「商標権と相互運用性に関して合意に至ることを目的に交渉を行うため」(両社)としている。
米Cisco Systemsの事業部門であるLinksysは昨年12月,IP電話機「iPhone」ファミリを発表しているが、もともと、Linksysが2000年に米Infogear Technologyを買収した際にこの商標権を取得している。
CiscoはAppleのiPhoneの発表を受け、商標侵害で米カリフォルニア州北部連邦地方裁判所に提訴し,商標の使用差し止めを求めていたもの。
AppleはCiscoに対してiPhoneの名称使用を要請し、両社は約5年間にわたって交渉を続けてきたが,結局合意には至らなかったらしい。
AppleのSteve Jobsは、iMacやiPodのデザインに自ら中心になって非常に凝っていたことは有名な話で、iPhoneのネーミングにも強い思い入れと戦略があるのをうかがわせる。
今後の展開を注意深く見守りたい。
ところで、米ブッシュ大統領が一般教書演説で省エネルギー問題や温室効果ガスの削減に言及したが、米ネット業界でも、インターネットの裏で膨大な数のコンピューター・サーバーを抱えるデータセンターが存在していることから、このエネルギー問題は極めて重要なテーマになっている。
グーグル、ヤフー、マイクロソフトなど米大手のネット企業は、米国内で巨大なデータセンターを建設することに追われており、最重要視されるその立地条件は、低廉な電力料金となっている。

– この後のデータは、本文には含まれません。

definition block_total :: "nat \<Rightarrow> nat \<Rightarrow> nat list \<Rightarrow> nat \<Rightarrow> nat" where
  "block_total n a d G = sum_list (map ((!) d) (filter (\<lambda>k. block_of n a k = G) [0..<n]))"

definition slot_owner :: "nat \<Rightarrow> nat \<Rightarrow> nat list \<Rightarrow> nat \<Rightarrow> nat \<Rightarrow> nat" where
  "slot_owner n a d G x =
    (THE i. i < n \<and> block_of n a i = G \<and> offset n a d i \<le> x \<and> x < offset n a d i + d ! i)"

lemma filter_upt_split:
  assumes "j < m"
  shows "filter P [0..<m] = filter P [0..<j] @ filter P [j] @ filter P [Suc j..<m]"
proof -
  have "[0..<m] = [0..<j] @ [j..<m]" using upt_add_eq_append[of 0 j "m - j"] assms by simp
  also have "[j..<m] = j # [Suc j..<m]" using assms by (simp add: upt_conv_Cons)
  finally show ?thesis by simp
qed

lemma offset_add_le_offset:
  assumes "i < j" "block_of n a i = block_of n a j"
  shows "offset n a d i + d ! i \<le> offset n a d j"
  using assms unfolding offset_def by (simp add: filter_upt_split[OF assms(1)])

lemma offset_add_le_block_total:
  assumes "i < n" "block_of n a i = G"
  shows "offset n a d i + d ! i \<le> block_total n a d G"
  using assms unfolding offset_def block_total_def by (simp add: filter_upt_split[OF assms(1)])

lemma slot_owner_eq:
  assumes "i < n" "block_of n a i = G" "offset n a d i \<le> x" "x < offset n a d i + d ! i"
  shows "slot_owner n a d G x = i"
  unfolding slot_owner_def
proof (rule the_equality)
  fix j assume j: "j < n \<and> block_of n a j = G \<and> offset n a d j \<le> x \<and> x < offset n a d j + d ! j"
  show "j = i"
  proof (rule ccontr)
    assume "j \<noteq> i"
    then consider "j < i" | "i < j" by linarith
    then show False
      using offset_add_le_offset[of j i n a d] offset_add_le_offset[of i j n a d] j assms by cases auto
  qed
qed (use assms in simp)

text \<open>The message vertex \<open>i\<close>, holding the list \<open>L\<close>, sends to the relay \<open>h\<close>: the entry of \<open>L\<close>
  stored at the position congruent to \<open>h\<close> modulo \<open>n\<close>, shifted by one so that \<open>0\<close> means
  ``nothing''.\<close>

definition relay_entry :: "nat \<Rightarrow> nat \<Rightarrow> nat list \<Rightarrow> nat list \<Rightarrow> nat \<Rightarrow> nat \<Rightarrow> nat" where
  "relay_entry n a d L i h = (case find (\<lambda>k. (offset n a d i + k) mod n = h) [0..<length L] of
      None \<Rightarrow> 0 | Some k \<Rightarrow> Suc (L ! k))"

lemma relay_entry_eq:
  assumes "k < length L" "length L \<le> n"
  shows "relay_entry n a d L i ((offset n a d i + k) mod n) = Suc (L ! k)"
proof -
  let ?P = "\<lambda>k'. (offset n a d i + k') mod n = (offset n a d i + k) mod n"
  have "\<not> ?P j" if "j < k" for j
  proof
    assume "?P j"
    then have "n dvd (offset n a d i + k) - (offset n a d i + j)"
      using that by (subst mod_eq_dvd_iff_nat[symmetric]) auto
    then have "n dvd k - j" by simp
    moreover have "0 < k - j" "k - j < n" using that assms by auto
    ultimately show False using nat_dvd_not_less by blast
  qed
  then have "find ?P [0..<length L] = Some k"
    using assms(1) unfolding find_Some_iff by auto
  then show ?thesis unfolding relay_entry_def by simp
qed

text \<open>Relay \<open>h\<close> has received the vector \<open>w\<close> (indexed by sender); the entry at position \<open>x\<close>
  (with \<open>x mod n = h\<close>) of block \<open>G\<close> is the one sent by the owner of \<open>x\<close>.\<close>

definition slot_entry :: "nat \<Rightarrow> nat \<Rightarrow> nat list \<Rightarrow> nat list \<Rightarrow> nat \<Rightarrow> nat \<Rightarrow> nat" where
  "slot_entry n a d w G x = (if x < block_total n a d G then w ! slot_owner n a d G x else 0)"

text \<open>Block totals are at most \<open>2n\<close>, so relay \<open>h\<close> holds the positions \<open>h\<close> and \<open>h + n\<close> of each
  block; it packs both, as base-\<open>(n + 1)\<close> digits, into one message to each member \<open>m\<close>.\<close>

definition relay_packet :: "nat \<Rightarrow> nat \<Rightarrow> nat list \<Rightarrow> nat list \<Rightarrow> nat \<Rightarrow> nat \<Rightarrow> nat" where
  "relay_packet n a d w h m = min (slot_entry n a d w (block_of n a m) h) n
      + (n + 1) * min (slot_entry n a d w (block_of n a m) (h + n)) n"

definition unpack_slot :: "nat \<Rightarrow> nat list \<Rightarrow> nat \<Rightarrow> nat" where
  "unpack_slot n p x = (p ! (x mod n) div (n + 1) ^ (x div n)) mod (n + 1) - 1"

lemma relay_packet_le: "relay_packet n a d w h m \<le> n + (n + 1) * n"
  unfolding relay_packet_def by (intro add_mono mult_le_mono2) simp_all

lemma packed_digits:
  fixes x y n :: nat
  assumes "x \<le> n" "y \<le> n"
  shows "(x + (n + 1) * y) mod (n + 1) = x" "(x + (n + 1) * y) div (n + 1) = y"
proof -
  have "(x + (n + 1) * y) mod (n + 1) = x mod (n + 1)" by (metis mod_mult_self2)
  then show "(x + (n + 1) * y) mod (n + 1) = x" using assms(1) by simp
  have "(x + (n + 1) * y) div (n + 1) = y + x div (n + 1)"
    by (metis div_mult_self2 add_eq_0_iff_both_eq_0 one_neq_zero)
  then show "(x + (n + 1) * y) div (n + 1) = y" using assms(1) by simp
qed

lemma unpack_slot_pack:
  assumes "x < 2 * n" "f x \<le> n"
    and "p ! (x mod n) = min (f (x mod n)) n + (n + 1) * min (f (x mod n + n)) n"
  shows "unpack_slot n p x = f x - 1"
proof (cases "x < n")
  case True
  then have "p ! x = f x + (n + 1) * min (f (x + n)) n" using assms(2,3) by simp
  with True show ?thesis using packed_digits(1)[OF assms(2)] unfolding unpack_slot_def by simp
next
  case False
  with assms(1) have "x div n = 1" "x mod n + n = x" by (auto simp: div_nat_eqI le_mod_geq)
  then have "p ! (x mod n) = min (f (x mod n)) n + (n + 1) * f x" using assms(2,3) by simp
  with \<open>x div n = 1\<close> assms(2) show ?thesis
    using packed_digits(2)[OF _ assms(2)] unfolding unpack_slot_def by simp
qed

definition block_members :: "nat list \<Rightarrow> nat \<Rightarrow> nat \<Rightarrow> nat \<Rightarrow> nat set" where
  "block_members vs n a G = {vs ! i | i. i < n \<and> block_of n a i = G}"

definition gathered_edges :: "nat list \<Rightarrow> nat \<Rightarrow> nat \<Rightarrow> nat list \<Rightarrow> nat list \<Rightarrow> nat \<Rightarrow> nat set set" where
  "gathered_edges vs n a d p G = {{vs ! i, vs ! unpack_slot n p (offset n a d i + k)} | i k.
      i < n \<and> block_of n a i = G \<and> k < d ! i}"

section \<open>The algorithm\<close>

definition list_index :: "nat list \<Rightarrow> nat \<Rightarrow> nat" where
  "list_index xs w = length (takeWhile (\<lambda>u. u \<noteq> w) xs)"

lemma list_index_nth: "distinct xs \<Longrightarrow> i < length xs \<Longrightarrow> list_index xs (xs ! i) = i"
proof (induction xs arbitrary: i)
  case (Cons x xs)
  then show ?case
    by (cases i) (auto simp: list_index_def nth_mem)
qed simp

text \<open>A state is \<open>[r, a, v, n]\<close> (round, arboricity, own ID, number of vertices), followed by blocks
  of length \<open>n\<close>: the sorted IDs, the adjacency row of \<open>v\<close>, and for each completed round the
  messages received in it, indexed like the IDs and including the message to itself.\<close>

definition chunk :: "nat list \<Rightarrow> nat \<Rightarrow> nat list" where
  "chunk s k = take (s ! 3) (drop (4 + k * s ! 3) s)"

definition my_index :: "nat list \<Rightarrow> nat" where
  "my_index s = list_index (chunk s 0) (s ! 2)"

definition block_nbrs :: "nat \<Rightarrow> nat \<Rightarrow> nat list \<Rightarrow> nat \<Rightarrow> nat list" where
  "block_nbrs n a row i = filter (\<lambda>j. row ! j = 1 \<and> block_of n a j = block_of n a i) [0..<n]"

definition my_block_nbrs :: "nat list \<Rightarrow> nat list" where
  "my_block_nbrs s = block_nbrs (s ! 3) (s ! 1) (chunk s 1) (my_index s)"

text \<open>The clamps at \<open>n\<close> only serve the bound on message sizes, which is proved for arbitrary
  states; on actual runs they never take effect.\<close>

definition alg_send :: "nat list \<Rightarrow> nat \<Rightarrow> nat" where
  "alg_send s w = (let n = s ! 3; a = s ! 1; i = my_index s; j = list_index (chunk s 0) w in
     if s ! 0 = 0 then length (my_block_nbrs s)
     else if s ! 0 = 1 then min (relay_entry n a (chunk s 2) (my_block_nbrs s) i j) n
     else if s ! 0 = 2 then relay_packet n a (chunk s 2) (chunk s 3) i j
     else 0)"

例えば、マイクロソフトがワシントン州中央部のクインシー市にデータセンターの立地を決めたのは、近くの水力発電所から安く電力を購入できるからといわれており、マイクロソフトに続いて、ヤフーや米ソフトウェア企業インテュイット(Intuit)も、この街にデータセンターの建設を決めている。

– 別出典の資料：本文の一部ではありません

(* Let $s, M, Y \in \mathbb{N}$, $N = 2^L$ with $L\ge1$, and let $f_1, \ldots, f_M \in L^2(\mathbb{R}^s)$ be linearly independent. For a tensor $\mathcal{A}$ of order $N$ with dimension $M$ in each mode, let $h(\mathcal{A}) \in L^2((\mathbb{R}^s)^N)$ be the function $(\mathbf{x}_1,\ldots,\mathbf{x}_N) \mapsto \sum_{d_1,\ldots,d_N=1}^M \mathcal{A}_{d_1\ldots d_N} \prod_{i=1}^N f_{d_i}(\mathbf{x}_i)$. The HT model with ranks $r_0,\ldots,r_{L-1}\in\mathbb{N}_{>0}$ has weights $\mathbf{a}^{0,j,\gamma} \in \mathbb{R}^M$ ($j \in [N]$, $\gamma \in [r_0]$), $\mathbf{a}^{l,j,\gamma} \in \mathbb{R}^{r_{l-1}}$ ($l \in [L-1]$, $j \in [N/2^l]$, $\gamma \in [r_l]$), $\mathbf{a}^{L,y} \in \mathbb{R}^{r_{L-1}}$ ($y \in [Y]$), and computes score functions $h_y = h(\mathcal{A}^y)$, $y\in[Y]$, where $\phi^{1,j,\gamma} = \sum_{\alpha=1}^{r_0} a^{1,j,\gamma}_\alpha \mathbf{a}^{0,2j-1,\alpha} \otimes \mathbf{a}^{0,2j,\alpha}$, $\phi^{l,j,\gamma} = \sum_{\alpha=1}^{r_{l-1}} a^{l,j,\gamma}_\alpha \phi^{l-1,2j-1,\alpha} \otimes \phi^{l-1,2j,\alpha}$ for $2 \le l \le L-1$, and $\mathcal{A}^y = \sum_{\alpha=1}^{r_{L-1}} a^{L,y}_\alpha \phi^{L-1,1,\alpha} \otimes \phi^{L-1,2,\alpha}$ (for $L=1$, $\mathcal{A}^y=\sum_{\alpha=1}^{r_0}a^{1,y}_\alpha\,\mathbf{a}^{0,1,\alpha}\otimes\mathbf{a}^{0,2,\alpha}$). A CP model with $Z$ hidden channels computes score functions of the form $(\mathbf{x}_1,\ldots,\mathbf{x}_N)\mapsto \sum_{z=1}^Z a_z \prod_{i=1}^N \left( \sum_{d=1}^M a^{z,i}_d f_d(\mathbf{x}_i) \right)$ with arbitrary $a_z \in \mathbb{R}$, $\mathbf{a}^{z,i} \in \mathbb{R}^M$. If the weights of the HT model are drawn from a continuous distribution (absolutely continuous w.r.t. Lebesgue measure on the weight space), then with probability one, for each $y\in[Y]$ the score function $h_y$ cannot be approximated arbitrarily well in $L^2((\mathbb{R}^s)^N)$ by score functions of CP models with fewer than $\min\{r_0, M\}^{N/2}$ hidden channels; that is, there exists $\epsilon > 0$ such that every such CP-model function $g$ satisfies $\int |g - h_y|^2 > \epsilon$. This also holds if the HT model is constrained to weight sharing ($\mathbf{a}^{l,j,\gamma} = \mathbf{a}^{l,\gamma}$ for all $j$, for each $l\in\{0,\ldots,L-1\}$, $\gamma\in[r_l]$, with the shared weights drawn from a continuous distribution), while the CP model remains in its general (unshared) form.
   Context: $[k]=\{1,\ldots,k\}$; $\otimes$ denotes the tensor product $(\mathcal{A}\otimes\mathcal{B})_{d_1\ldots d_{P+Q}}=\mathcal{A}_{d_1\ldots d_P}\mathcal{B}_{d_{P+1}\ldots d_{P+Q}}$; $a_\alpha$ denotes entry $\alpha$ of vector $\mathbf{a}$. Linear independence of $f_1,\ldots,f_M$ is as elements of the vector space $L^2(\mathbb{R}^s)$. *)

theory Defs
  imports "HOL-Probability.Probability"
begin

type_synonym tensor = "(nat \<Rightarrow> nat) \<Rightarrow> real"
  (* a tensor is indexed by d :: nat => nat, entry d_1 ... d_P read off as d 1, ..., d P *)

definition tensor_prod :: "nat \<Rightarrow> tensor \<Rightarrow> tensor \<Rightarrow> tensor" where
  "tensor_prod P A B = (\<lambda>d. A d * B (\<lambda>i. d (P + i)))"

(* W l j \<gamma> \<alpha> = entry \<alpha> of weight vector a^{l,j,\<gamma>}; top layer a^{L,y} = W L 1 y *)
fun ht_phi :: "(nat \<Rightarrow> nat \<Rightarrow> nat \<Rightarrow> nat \<Rightarrow> real) \<Rightarrow> (nat \<Rightarrow> nat) \<Rightarrow> nat \<Rightarrow> nat \<Rightarrow> nat \<Rightarrow> tensor" where
  "ht_phi W r 0 j \<gamma> = (\<lambda>d. W 0 j \<gamma> (d 1))"
| "ht_phi W r (Suc l) j \<gamma> = (\<lambda>d. \<Sum>\<alpha>\<in>{1..r l}. W (Suc l) j \<gamma> \<alpha> *
      tensor_prod (2^l) (ht_phi W r l (2*j - 1) \<alpha>) (ht_phi W r l (2*j) \<alpha>) d)"

definition tensor_fn :: "(nat \<Rightarrow> 'a \<Rightarrow> real) \<Rightarrow> nat \<Rightarrow> nat \<Rightarrow> tensor \<Rightarrow> (nat \<Rightarrow> 'a) \<Rightarrow> real" where
  "tensor_fn f M N A = (\<lambda>x. \<Sum>d\<in>PiE {1..N} (\<lambda>_. {1..M}). A d * (\<Prod>i\<in>{1..N}. f (d i) (x i)))"

definition cp_fn :: "(nat \<Rightarrow> 'a \<Rightarrow> real) \<Rightarrow> nat \<Rightarrow> nat \<Rightarrow> nat \<Rightarrow> (nat \<Rightarrow> real)
      \<Rightarrow> (nat \<Rightarrow> nat \<Rightarrow> nat \<Rightarrow> real) \<Rightarrow> (nat \<Rightarrow> 'a) \<Rightarrow> real" where
  "cp_fn f M N Z a b = (\<lambda>x. \<Sum>z\<in>{1..Z}. a z * (\<Prod>i\<in>{1..N}. \<Sum>d\<in>{1..M}. b z i d * f d (x i)))"

definition is_L2 :: "('a::euclidean_space \<Rightarrow> real) \<Rightarrow> bool" where
  "is_L2 g \<longleftrightarrow> g \<in> borel_measurable lborel \<and> integrable lborel (\<lambda>x. (g x)^2)"

definition L2_lin_indep :: "(nat \<Rightarrow> 'a::euclidean_space \<Rightarrow> real) \<Rightarrow> nat \<Rightarrow> bool" where
  "L2_lin_indep f M \<longleftrightarrow> (\<forall>c. (AE x in lborel. (\<Sum>d\<in>{1..M}. c d * f d x) = 0) \<longrightarrow> (\<forall>d\<in>{1..M}. c d = 0))"

definition not_CP_approximable :: "(nat \<Rightarrow> 'a::euclidean_space \<Rightarrow> real) \<Rightarrow> nat \<Rightarrow> nat \<Rightarrow> ((nat \<Rightarrow> 'a) \<Rightarrow> real) \<Rightarrow> nat \<Rightarrow> bool" where
  "not_CP_approximable f M N h bound \<longleftrightarrow>
     (\<exists>\<epsilon>>0. \<forall>Z<bound. \<forall>a b.
        (\<integral>\<^sup>+ x. ennreal ((cp_fn f M N Z a b x - h x)^2) \<partial>(PiM {1..N} (\<lambda>_. lborel))) > ennreal \<epsilon>)"

(* index set of all HT weights: (l, j, gamma, alpha) = entry alpha of a^{l,j,gamma}; top: (L,1,y,alpha) *)
definition ht_idx :: "nat \<Rightarrow> nat \<Rightarrow> nat \<Rightarrow> (nat \<Rightarrow> nat) \<Rightarrow> nat \<Rightarrow> (nat \<times> nat \<times> nat \<times> nat) set" where
  "ht_idx M N L r Y =
     {(0, j, \<gamma>, d) | j \<gamma> d. j \<in> {1..N} \<and> \<gamma> \<in> {1..r 0} \<and> d \<in> {1..M}}
   \<union> {(l, j, \<gamma>, \<alpha>) | l j \<gamma> \<alpha>. 1 \<le> l \<and> l < L \<and> j \<in> {1..N div 2^l} \<and> \<gamma> \<in> {1..r l} \<and> \<alpha> \<in> {1..r (l - 1)}}
   \<union> {(L, 1, y, \<alpha>) | y \<alpha>. y \<in> {1..Y} \<and> \<alpha> \<in> {1..r (L - 1)}}"

(* weight sharing: (l, 1, gamma, alpha) = entry alpha of shared a^{l,gamma} *)
definition ht_shared_idx :: "nat \<Rightarrow> nat \<Rightarrow> (nat \<Rightarrow> nat) \<Rightarrow> nat \<Rightarrow> (nat \<times> nat \<times> nat \<times> nat) set" where
  "ht_shared_idx M L r Y =
     {(0, 1, \<gamma>, d) | \<gamma> d. \<gamma> \<in> {1..r 0} \<and> d \<in> {1..M}}
   \<union> {(l, 1, \<gamma>, \<alpha>) | l \<gamma> \<alpha>. 1 \<le> l \<and> l < L \<and> \<gamma> \<in> {1..r l} \<and> \<alpha> \<in> {1..r (l - 1)}}
   \<union> {(L, 1, y, \<alpha>) | y \<alpha>. y \<in> {1..Y} \<and> \<alpha> \<in> {1..r (L - 1)}}"

definition continuous_weight_dist :: "'i set \<Rightarrow> ('i \<Rightarrow> real) measure \<Rightarrow> bool" where
  "continuous_weight_dist I P \<longleftrightarrow> prob_space P \<and> sets P = sets (PiM I (\<lambda>_. lborel))
     \<and> absolutely_continuous (PiM I (\<lambda>_. lborel)) P"

end

(* The coefficient tensor of a CP model with Z hidden channels has an odd/even matricization of
   rank at most Z.  Since f_1, ..., f_M admit a dual family in L^2, approximating h(A) in L^2 by
   CP score functions forces their coefficient tensors to converge to A entrywise, so every minor
   of the matricization of A would be a limit of vanishing determinants.  For the HT model, one
   minor of size min(r_0, M)^(N/2) is a polynomial in the weights that equals 1 at the weights
   making every phi a tensor product of truncated identity matrices; its zero set is therefore
   Lebesgue-null, hence has probability zero under any continuous weight distribution, with or
   without weight sharing. *)

theory Submission
  imports
    Defs
    "HOL-Computational_Algebra.Polynomial"
    "HOL-Real_Asymp.Real_Asymp"
    "Jordan_Normal_Form.Determinant"
begin

section \<open>Polynomial functions of the weights\<close>

inductive_set poly_fun :: "'i set \<Rightarrow> (('i \<Rightarrow> real) \<Rightarrow> real) set" for I where
  poly_fun_const: "(\<lambda>w. c) \<in> poly_fun I"
| poly_fun_var: "i \<in> I \<Longrightarrow> (\<lambda>w. w i) \<in> poly_fun I"
| poly_fun_add: "p \<in> poly_fun I \<Longrightarrow> q \<in> poly_fun I \<Longrightarrow> (\<lambda>w. p w + q w) \<in> poly_fun I"
| poly_fun_mult: "p \<in> poly_fun I \<Longrightarrow> q \<in> poly_fun I \<Longrightarrow> (\<lambda>w. p w * q w) \<in> poly_fun I"

lemma poly_fun_sum:
  "finite S \<Longrightarrow> (\<And>s. s \<in> S \<Longrightarrow> p s \<in> poly_fun I) \<Longrightarrow> (\<lambda>w. \<Sum>s\<in>S. p s w) \<in> poly_fun I"
  by (induction S rule: finite_induct) (auto intro: poly_fun.intros)

lemma poly_fun_prod:
  "finite S \<Longrightarrow> (\<And>s. s \<in> S \<Longrightarrow> p s \<in> poly_fun I) \<Longrightarrow> (\<lambda>w. \<Prod>s\<in>S. p s w) \<in> poly_fun I"
  by (induction S rule: finite_induct) (auto intro: poly_fun.intros)

lemma poly_fun_cong:
  "p \<in> poly_fun I \<Longrightarrow> (\<And>i. i \<in> I \<Longrightarrow> w i = v i) \<Longrightarrow> p w = p v"
  by (induction rule: poly_fun.induct) auto

lemma poly_fun_measurable:
  "p \<in> poly_fun I \<Longrightarrow> p \<in> borel_measurable (PiM I (\<lambda>_. lborel))"
  by (induction rule: poly_fun.induct) auto

lemma poly_fun_restrict:
  "p \<in> poly_fun UNIV \<Longrightarrow> (\<lambda>w. p (restrict w I)) \<in> poly_fun I"
proof (induction rule: poly_fun.induct)
  case (poly_fun_var i)
  then show ?case by (cases "i \<in> I") (simp_all add: poly_fun.intros)
qed (simp_all add: poly_fun.intros)

lemma poly_fun_as_poly_in_var:
  assumes "p \<in> poly_fun (insert i J)"
  obtains P where "\<And>k. (\<lambda>w. coeff (P w) k) \<in> poly_fun J" and "\<And>w. p w = poly (P w) (w i)"
proof -
  from assms have "\<exists>P. (\<forall>k. (\<lambda>w. coeff (P w) k) \<in> poly_fun J) \<and> (\<forall>w. p w = poly (P w) (w i))"
  proof (induction rule: poly_fun.induct)
    case (poly_fun_const c)
    show ?case
      by (rule exI[of _ "\<lambda>w. [:c:]"]) (auto simp: coeff_pCons split: nat.split intro: poly_fun.intros)
  next
    case (poly_fun_var j)
    show ?case
    proof (cases "j = i")
      case True
      then show ?thesis
        by (intro exI[of _ "\<lambda>w. [:0, 1:]"]) (auto simp: coeff_pCons split: nat.split intro: poly_fun.intros)
    next
      case False
      with poly_fun_var have "j \<in> J" by simp
      then have "(\<lambda>w. coeff [:w j:] k) \<in> poly_fun J" for k
        by (cases k) (simp_all add: poly_fun.intros)
      then show ?thesis by (intro exI[of _ "\<lambda>w. [:w j:]"]) simp
    qed
  next
    case (poly_fun_add p q)
    then obtain P Q where "\<forall>k. (\<lambda>w. coeff (P w) k) \<in> poly_fun J" "\<forall>w. p w = poly (P w) (w i)"
      "\<forall>k. (\<lambda>w. coeff (Q w) k) \<in> poly_fun J" "\<forall>w. q w = poly (Q w) (w i)" by blast
    then show ?case
      by (intro exI[of _ "\<lambda>w. P w + Q w"]) (auto intro: poly_fun.intros)
  next
    case (poly_fun_mult p q)
    then obtain P Q where P: "\<And>k. (\<lambda>w. coeff (P w) k) \<in> poly_fun J" "\<forall>w. p w = poly (P w) (w i)"
      and Q: "\<And>k. (\<lambda>w. coeff (Q w) k) \<in> poly_fun J" "\<forall>w. q w = poly (Q w) (w i)" by blast
    have "(\<lambda>w. coeff (P w * Q w) k) \<in> poly_fun J" for k
      unfolding coeff_mult by (intro poly_fun_sum poly_fun.poly_fun_mult P Q) simp
    with P Q show ?case
      by (intro exI[of _ "\<lambda>w. P w * Q w"]) auto
  qed
  with that show thesis by blast
qed

lemma null_sets_PiM_insert:
  assumes "finite J" and "i \<notin> J" and S: "S \<in> sets (PiM (insert i J) (\<lambda>_. lborel :: real measure))"
    and fibres: "AE x in PiM J (\<lambda>_. lborel). (\<integral>\<^sup>+ y. indicator S (x(i := y)) \<partial>lborel) = 0"
  shows "S \<in> null_sets (PiM (insert i J) (\<lambda>_. lborel))"
proof -
  interpret product_sigma_finite "\<lambda>_. lborel :: real measure"
    by (simp add: product_sigma_finite_def lborel.sigma_finite_measure_axioms)
  have "emeasure (PiM (insert i J) (\<lambda>_. lborel)) S = (\<integral>\<^sup>+ w. indicator S w \<partial>PiM (insert i J) (\<lambda>_. lborel))"
    using S by simp
  also have "\<dots> = (\<integral>\<^sup>+ x. (\<integral>\<^sup>+ y. indicator S (x(i := y)) \<partial>lborel) \<partial>PiM J (\<lambda>_. lborel))"
    using S assms(1,2) by (intro product_nn_integral_insert) auto
  also have "\<dots> = 0"
    by (subst nn_integral_cong_AE[OF fibres]) simp
  finally show ?thesis using S by (simp add: null_sets_def)
qed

Intel,AMDのチップメーカーも如何に低消費電力で高性能なCPUを開発できるかしのぎを削っているし、米デルやサン・マイクロシステムズは省エネルギー・チップを搭載したサーバーを提供し、米HPは高効率の冷却装置の開発を行っている。
インターネット検索だけでなく、これからSaaSなどのようにソフトウエア自体がウェブベースのサービスに変化していく流れがある中で、データセンターが抱えるエネルギー問題はますますIT企業の大きな課題になっていき、また逆に発展の限界、壁となる恐れがあると思う。